WORK ITEM — Look below for the line containing "using interior_append_tl[of p". Reproduce it and every line after it exactly, and nothing more.

[Stored records]
++++++++

lemma odd_path_join3:
  assumes p: "odd_path G S u v p" and q: "odd_path G S v w q" and r: "odd_path G S w z r"
    and "v \<notin> S" "w \<notin> S"
    and "set p \<inter> set q \<subseteq> {v}" "set q \<inter> set r \<subseteq> {w}" "set p \<inter> set r = {}"
  shows "odd_path G S u z (p @ tl q @ tl r)"
    and "path_edges (p @ tl q @ tl r) = path_edges p \<union> path_edges q \<union> path_edges r"
proof -
  have ne: "p \<noteq> []" "q \<noteq> []" "r \<noteq> []"
    using p q r by (auto simp: odd_path_def is_path_iff)
  have ends: "last p = v" "hd q = v" "last q = w" "hd r = w" "hd p = u" "last r = z"
    using p q r by (auto simp: odd_path_def)
  have paths: "is_path G p" "is_path G q" "is_path G r"
    using p q r by (auto simp: odd_path_def)
  have qr: "is_path G (q @ tl r)"
    using is_path_append_tl[OF paths(2,3)] assms(7) ends by simp
  have "set (q @ tl r) \<subseteq> set q \<union> set r"
    using ne(3) by (auto simp: neq_Nil_conv)
  with assms(6,8) have "set p \<inter> set (q @ tl r) \<subseteq> {v}"
    by blast
  then have "is_path G (p @ tl (q @ tl r))"
    using is_path_append_tl[OF paths(1) qr] ends ne(2) by simp
  moreover have "interior (p @ tl (q @ tl r)) \<subseteq>
      interior p \<union> {v} \<union> (interior q \<union> {w} \<union> interior r)"
    using interior_append_tl[of p "q @ tl r"] interior_append_tl[of q r] ne ends by auto
  moreover have "odd (length (p @ tl q @ tl r) - 1)"
  proof -
    have "length (p @ tl q @ tl r) - 1 = (length p - 1) + (length q - 1) + (length r - 1)"
      using ne by (auto simp: neq_Nil_conv)
    then show ?thesis
      using p q r by (simp add: odd_path_def)
  qed
  moreover have "last (p @ tl q @ tl r) = z" "hd (p @ tl q @ tl r) = u"
    using ne ends by (auto simp: neq_Nil_conv)
  ultimately show "odd_path G S u z (p @ tl q @ tl r)"
    using p q r assms(4,5) unfolding odd_path_def by auto
  show "path_edges (p @ tl q @ tl r) = path_edges p \<union> path_edges q \<union> path_edges r"
    using path_edges_append_tl[of p "q @ tl r"] path_edges_append_tl[of q r] ne ends
    by auto
qed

++++++++

ANSWER SPACE —
    using interior_append_tl[of p "q @ tl r"] interior_append_tl[of q r] ne ends by auto
  moreover have "odd (length (p @ tl q @ tl r) - 1)"
  proof -
    have "length (p @ tl q @ tl r) - 1 = (length p - 1) + (length q - 1) + (length r - 1)"
      using ne by (auto simp: neq_Nil_conv)
    then show ?thesis
      using p q r by (simp add: odd_path_def)
  qed
  moreover have "last (p @ tl q @ tl r) = z" "hd (p @ tl q @ tl r) = u"
    using ne ends by (auto simp: neq_Nil_conv)
  ultimately show "odd_path G S u z (p @ tl q @ tl r)"
    using p q r assms(4,5) unfolding odd_path_def by auto
  show "path_edges (p @ tl q @ tl r) = path_edges p \<union> path_edges q \<union> path_edges r"
    using path_edges_append_tl[of p "q @ tl r"] path_edges_append_tl[of q r] ne ends
    by auto
qed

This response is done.